The loss bites hardest for people who treat a desktop as a security tool. Cold boot attacks are no lab curiosity; they remain a documented and realistic way to lift secrets straight out of memory. Anyone running a hardware wallet or managing private keys on a consumer AMD box loses a quiet layer of defense, even though the wallet’s own chip stays sealed. The host still touches keys during signing and setup, and unencrypted RAM widens the target. Users who keep large holdings in cold storage have long leaned on exactly this kind of background protection.

The change also sharpens the line between AMD’s consumer and business tiers. Rival Intel ships total memory encryption broadly across its modern chips, which makes AMD’s PRO-only stance look like a deliberate nudge toward pricier hardware for security-minded buyers. For teams that already track enterprise security tooling closely, the takeaway is plain: verify what each SKU actually enables rather than trusting past behavior. The episode is one more reason managing security risk keeps getting harder — a feature that worked for years can vanish from a product line overnight, with no changelog entry to mark its exit.

Users Feel Shortchanged

AMD has never advertised TSME as a consumer feature, and has long said SME sits in the PRO and EPYC tiers alone. Yet in 2020, Lendacky himself wrote that a consumer Ryzen 3700X “should support TSME,” and in a 2025 follow-up he recommended it: “I recommend using TSME (Transparent SME), but it is a BIOS option that needs to be exposed by your BIOS provider,” he said. Years of the feature working on cheaper chips taught buyers to count on it.

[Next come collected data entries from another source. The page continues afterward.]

(* Fix $p\in(0,\infty)$ and $\omega\in(0,1)$. Let $$\eta(p,\omega)=\inf_{\sigma\in[0,1)}\frac{1-\sigma^\omega}{1-\sigma}(1+\sigma^{p\omega})^{\frac{1-\omega}{p\omega}},$$ and suppose $D\in\mathbb R$ satisfies $D>\dfrac{2^{(1-\omega)(1+\frac1{p\omega})}}{\eta(p,\omega)}$. Then for any Banach space $(X,\|\cdot\|_X)$, the $\omega$-snowflake of $X$ embeds with $p$-average distortion $D$ into $X$: for every Borel probability measure $\mu$ on $X$ there is $f:X\to X$ with $\|f(x)-f(y)\|_X\le D\|x-y\|_X^\omega$ for all $x,y\in X$ and $\iint\|f(x)-f(y)\|_X^pd\mu(x)d\mu(y)\ge\iint\|x-y\|_X^{p\omega}d\mu(x)d\mu(y)$. *)

theory Defs
  imports "HOL-Probability.Probability"
begin

definition eta :: "real \<Rightarrow> real \<Rightarrow> real" where
  "eta p \<omega> = (INF \<sigma>\<in>{0..<1::real}.
      (1 - \<sigma> powr \<omega>) / (1 - \<sigma>) * (1 + \<sigma> powr (p * \<omega>)) powr ((1 - \<omega>) / (p * \<omega>)))"

end

(*
  The map Phi(x) = |x|^(w-1) x is 2^(1-w)-Hoelder of exponent w on every normed space (this
  reduces to the concavity of t -> t^w - t), and eta(p,w) is exactly the constant of the reverse
  estimate  eta |a - b| <= |Phi a - Phi b| (|a|^(pw) + |b|^(pw))^((1-w)/(pw)).  With Young's
  inequality this yields, for f_z(x) = kappa Phi(x - z),
    |x - y|^(pw) <= w |f_z x - f_z y|^p + (1 - w) rho (|x - z|^(pw) + |y - z|^(pw)),
  and the hypothesis on D says precisely that 2 rho < 1.  Integrating against mu x mu and picking
  a base point z at which the integral of |x - z|^(pw) is less than 1/(2 rho) times its mean over z
  (which is the right-hand side of the theorem) lets the error term be absorbed.
*)
theory Submission
  imports Defs
begin

lemma geo_mean_le_arith_mean_weighted:
  fixes a b w :: real
  assumes "0 \<le> a" "0 \<le> b" "0 \<le> w" "w \<le> 1"
  shows "a powr w * b powr (1 - w) \<le> w * a + (1 - w) * b"
proof (cases "a = 0 \<or> b = 0")
  case True
  then show ?thesis using assms by auto
next
  case False
  then show ?thesis using assms Youngs_inequality_0[of w "1 - w" a b] by simp
qed

lemma powr_le_tangent:
  fixes y z w :: real
  assumes "0 \<le> y" "0 < z" "0 \<le> w" "w \<le> 1"
  shows "y powr w \<le> z powr w + w * z powr (w - 1) * (y - z)"
proof -
  have "y powr w = (y powr w * z powr (1 - w)) * z powr (w - 1)"
    using assms by (simp add: mult.assoc flip: powr_add)
  also have "\<dots> \<le> (w * y + (1 - w) * z) * z powr (w - 1)"
    using geo_mean_le_arith_mean_weighted[of y z w] assms by (intro mult_right_mono) auto
  also have "\<dots> = z powr w + w * z powr (w - 1) * (y - z)"
    using assms powr_add[of z "w - 1" 1] by (simp add: algebra_simps)
  finally show ?thesis .
qed

lemma concave_on_powr:
  assumes "0 \<le> w" "w \<le> 1"
  shows "concave_on {0..} (\<lambda>x::real. x powr w)"
proof (rule concave_on_linorderI)
  fix t x y :: real
  assume t: "0 < t" "t < 1" and xy: "x \<in> {0..}" "y \<in> {0..}" "x < y"
  define z where "z = (1 - t) *\<^sub>R x + t *\<^sub>R y"
  define c where "c = w * z powr (w - 1)"
  have "0 < z" using t xy unfolding z_def by (simp add: add_nonneg_pos)
  then have "(1 - t) * x powr w + t * y powr w \<le> (1 - t) * (z powr w + c * (x - z)) + t * (z powr w + c * (y - z))"
    using powr_le_tangent[of _ z w] t xy assms unfolding c_def by (intro add_mono mult_left_mono) auto
  also have "\<dots> = z powr w" unfolding z_def by (simp add: algebra_simps)
  finally show "(1 - t) * x powr w + t * y powr w \<le> z powr w" .
qed simp

lemma one_plus_le_four_powr:
  fixes u :: real
  assumes "0 \<le> u"
  shows "1 + u \<le> 4 powr u"
proof -
  have "1 \<le> ln (4::real)" using exp_le ln_ge_iff[of 4 1] by simp
  then have "1 + u \<le> 1 + u * ln 4" using assms by (simp add: mult_le_cancel_left1)
  also have "\<dots> \<le> exp (u * ln 4)" using exp_ge_add_one_self by (simp add: add.commute)
  finally show ?thesis by (simp add: powr_def mult.commute)
qed

lemma powr_minus_self_le_twice_near_one:
  fixes s w :: real
  assumes "1/2 \<le> s" "s \<le> 1" "0 \<le> w" "w \<le> 1"
  shows "s powr w - s \<le> 2 * (((1 - s) / 2) powr w - (1 - s) / 2)"
proof -
  define t where "t = 1 - s"
  have t: "0 \<le> t" "t \<le> 1/2" using assms unfolding t_def by auto
  have "s powr w - s \<le> (1 - w) * t"
    using powr_le_tangent[of s 1 w] assms unfolding t_def by (simp add: algebra_simps)
  also have "\<dots> \<le> 2 powr (1 - w) * t powr w - t"
  proof -
    have "t = t powr (1 - w) * t powr w"
      using t by (cases "t = 0") (simp_all flip: powr_add)
    also have "\<dots> \<le> (1/2) powr (1 - w) * t powr w"
      using t assms by (intro mult_right_mono powr_mono2) auto
    finally have "(2 - w) * t \<le> (2 - w) * (1/2) powr (1 - w) * t powr w"
      using assms by (simp add: mult_left_mono mult.assoc)
    also have "\<dots> \<le> 4 powr (1 - w) * (1/2) powr (1 - w) * t powr w"
      using one_plus_le_four_powr[of "1 - w"] assms by (intro mult_right_mono) auto
    also have "4 powr (1 - w) * (1/2) powr (1 - w) = 2 powr (1 - w)"
      by (simp flip: powr_mult)
    finally show ?thesis by (simp add: algebra_simps)
  qed
  also have "\<dots> = 2 * ((t / 2) powr w - t / 2)"
    using t by (simp add: powr_divide powr_diff algebra_simps)
  finally show ?thesis unfolding t_def .
qed

lemma powr_minus_self_le_twice:
  fixes s x w :: real
  assumes "0 \<le> s" "s \<le> 1" "(1 - s) / 2 \<le> x" "x \<le> (1 + s) / 2" "0 \<le> w" "w \<le> 1"
  shows "s powr w - s \<le> 2 * (x powr w - x)"
proof -
  define h where "h x = x powr w - x" for x :: real
  have concave: "concave_on {0..} h"
    unfolding h_def using assms by (auto intro!: concave_on_diff concave_on_powr simp: convex_on_ident)
  have mid: "h a + h b \<le> 2 * h ((a + b) / 2)" if "0 \<le> a" "0 \<le> b" for a b
    using concave_onD[OF concave, of "1/2" a b] that by (simp add: field_simps)
  have ge_min: "min (h a) (h b) \<le> h c" if "0 \<le> a" "a \<le> c" "c \<le> b" for a b c
  proof (rule concave_on_ge_min[where f = h])
    show "concave_on {a..b} h"
      using concave convex_on_subset[of "{0..}" "\<lambda>x. - h x" "{a..b}"] that
      unfolding concave_on_def by force
  qed (use that in auto)
  \<comment> \<open>by concavity \<open>{x. h s \<le> 2 * h x}\<close> is an interval, so only its end points matter\<close>
  have right: "h s \<le> 2 * h ((1 + s) / 2)"
    using mid[of s 1] assms by (simp add: h_def add.commute)
  have left: "h s \<le> 2 * h ((1 - s) / 2)"
  proof (cases "s \<le> 1/2")
    case True
    have "h s \<le> 2 * h (s / 2)" using mid[of 0 s] assms by (simp add: h_def)
    then show ?thesis
      using ge_min[of "s / 2" "(1 - s) / 2" "(1 + s) / 2"] right True assms
      by (auto simp: min_le_iff_disj)
  next
    case False
    then show ?thesis using powr_minus_self_le_twice_near_one[of s w] assms by (simp add: h_def)
  qed
  have "min (h ((1 - s) / 2)) (h ((1 + s) / 2)) \<le> h x"
    using ge_min assms by simp
  then have "h s \<le> 2 * h x" using left right by (auto simp: min_le_iff_disj)
  then show ?thesis by (simp add: h_def)
qed

text \<open>Hoelder's inequality for \<open>radial_powr\<close> (below) normalized to \<open>norm a = 1\<close>,
  \<open>norm b = s\<close>, \<open>norm (a - b) = d\<close>.\<close>

lemma holder_bound_normalized:
  fixes s d w :: real
  assumes "0 \<le> s" "s \<le> 1" "1 - s \<le> d" "d \<le> 1 + s" "0 \<le> w" "w \<le> 1"
  shows "d - s + s powr w \<le> 2 powr (1 - w) * d powr w"
proof -
  have "s powr w - s \<le> 2 * ((d / 2) powr w - d / 2)"
    using powr_minus_self_le_twice[of s "d / 2" w] assms by simp
  moreover have "2 * (d / 2) powr w = 2 powr (1 - w) * d powr w"
    using assms by (simp add: powr_divide powr_diff)
  ultimately show ?thesis by (simp add: algebra_simps)
qed

definition radial_powr :: "real \<Rightarrow> 'a::real_normed_vector \<Rightarrow> 'a" where
  "radial_powr w v = norm v powr (w - 1) *\<^sub>R v"

lemma radial_powr_0 [simp]: "radial_powr w 0 = 0"
  by (simp add: radial_powr_def)

lemma norm_radial_powr [simp]: "norm (radial_powr w v) = norm v powr w"
  by (cases "v = 0") (simp_all add: radial_powr_def powr_add[of "norm v" "w - 1" 1, simplified])

lemma radial_powr_holder:
  fixes a b :: "'a::real_normed_vector"
  assumes "0 \<le> w" "w \<le> 1"
  shows "norm (radial_powr w a - radial_powr w b) \<le> 2 powr (1 - w) * norm (a - b) powr w"
proof -
  have ordered: "norm (radial_powr w a - radial_powr w b) \<le> 2 powr (1 - w) * norm (a - b) powr w"
    if ba: "norm b \<le> norm a" for a b :: 'a
  proof (cases "b = 0")
    case True
    have "1 * norm a powr w \<le> 2 powr (1 - w) * norm a powr w"
      using assms by (intro mult_right_mono ge_one_powr_ge_zero) auto
    then show ?thesis using True by simp
  next
    case False
    define r s d where "r = norm a" and "s = norm b" and "d = norm (a - b)"
    have s0: "0 < s" and sr: "s \<le> r" using False ba unfolding r_def s_def by auto
    have r0: "0 < r" using s0 sr by linarith
    have d: "r - s \<le> d" "d \<le> r + s"
      unfolding r_def s_def d_def by (rule norm_triangle_ineq2, rule norm_triangle_ineq4)
    have mono: "r powr (w - 1) \<le> s powr (w - 1)" using s0 sr assms by (intro powr_mono2') auto
    have "radial_powr w a - radial_powr w b
        = r powr (w - 1) *\<^sub>R (a - b) - (s powr (w - 1) - r powr (w - 1)) *\<^sub>R b"
      unfolding radial_powr_def r_def s_def by (simp add: algebra_simps)
    then have "norm (radial_powr w a - radial_powr w b)
        \<le> r powr (w - 1) * d + (s powr (w - 1) - r powr (w - 1)) * s"
      using norm_triangle_ineq4 mono unfolding d_def s_def
      by (metis abs_of_nonneg diff_ge_0_iff_ge norm_scaleR powr_ge_zero)
    also have "\<dots> = r powr w * (d / r - s / r + (s / r) powr w)"
      using r0 s0 powr_add[of s "w - 1" 1] by (simp add: powr_diff powr_divide field_simps)
    also have "\<dots> \<le> r powr w * (2 powr (1 - w) * (d / r) powr w)"
    proof (intro mult_left_mono holder_bound_normalized)
      show "1 - s / r \<le> d / r"
        using divide_right_mono[OF d(1), of r] r0 by (simp add: diff_divide_distrib)
      show "d / r \<le> 1 + s / r"
        using divide_right_mono[OF d(2), of r] r0 by (simp add: add_divide_distrib)
    qed (use r0 s0 sr assms in auto)
    also have "\<dots> = 2 powr (1 - w) * d powr w" using r0 by (simp add: powr_divide)
    finally show ?thesis unfolding d_def .
  qed
  show ?thesis
    using ordered[of b a] ordered[of a b] by (cases "norm b \<le> norm a") (auto simp: norm_minus_commute)
qed

lemma radial_powr_shifted_holder:
  fixes x y z :: "'a::real_normed_vector"
  assumes "0 \<le> \<kappa>" "0 \<le> w" "w \<le> 1"
  shows "norm (\<kappa> *\<^sub>R radial_powr w (x - z) - \<kappa> *\<^sub>R radial_powr w (y - z))
    \<le> \<kappa> * 2 powr (1 - w) * norm (x - y) powr w"
  using mult_left_mono[OF radial_powr_holder[of w "x - z" "y - z"] assms(1)] assms
  by (simp add: mult.assoc flip: scaleR_diff_right)

lemma eta_le:
  fixes p w \<sigma> :: real
  assumes "0 \<le> w" "w \<le> 1" "0 \<le> \<sigma>" "\<sigma> < 1"
  shows "eta p w \<le> (1 - \<sigma> powr w) / (1 - \<sigma>) * (1 + \<sigma> powr (p * w)) powr ((1 - w) / (p * w))"
  unfolding eta_def using assms
  by (intro cINF_lower bdd_belowI[where m = 0]) (auto intro!: mult_nonneg_nonneg divide_nonneg_nonneg powr_le1)

lemma eta_le_one: "0 \<le> w \<Longrightarrow> w \<le> 1 \<Longrightarrow> eta p w \<le> 1"
  using eta_le[of w 0 p] by simp

lemma eta_ge:
  fixes p w :: real
  assumes "0 < p" "0 < w" "w \<le> 1"
  shows "w \<le> eta p w"
  unfolding eta_def
proof (rule cINF_greatest)
  fix \<sigma> :: real
  assume \<sigma>: "\<sigma> \<in> {0..<1}"
  have "\<sigma> powr w \<le> 1 - w * (1 - \<sigma>)"
    using powr_le_tangent[of \<sigma> 1 w] \<sigma> assms by (simp add: algebra_simps)
  then have "w \<le> (1 - \<sigma> powr w) / (1 - \<sigma>)" using \<sigma> by (simp add: field_simps)
  moreover have "1 \<le> (1 + \<sigma> powr (p * w)) powr ((1 - w) / (p * w))"
    using assms by (intro ge_one_powr_ge_zero) auto
  ultimately show "w \<le> (1 - \<sigma> powr w) / (1 - \<sigma>) * (1 + \<sigma> powr (p * w)) powr ((1 - w) / (p * w))"
    using assms mult_mono[of w _ 1] by fastforce
qed simp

Joe Fitzgerald, a specialist in silicon-level security, sees two possibilities, neither flattering. “They could have not realized they did it leading to their cagey responses, or they could have done it intentionally and tried to get away with it, leading to the same cagey responses,” he said in an interview. “But I really feel like an explanation should be in order, even if it was ‘TSME was never supposed to be supported. We did ship some firmwares that erroneously enabled it, but you shouldn’t use them since we can’t guarantee it’ll work properly.'”

For now, AMD has said nothing more, and consumer Ryzen owners who valued the protection are left to confirm, chip by chip, whether it still works.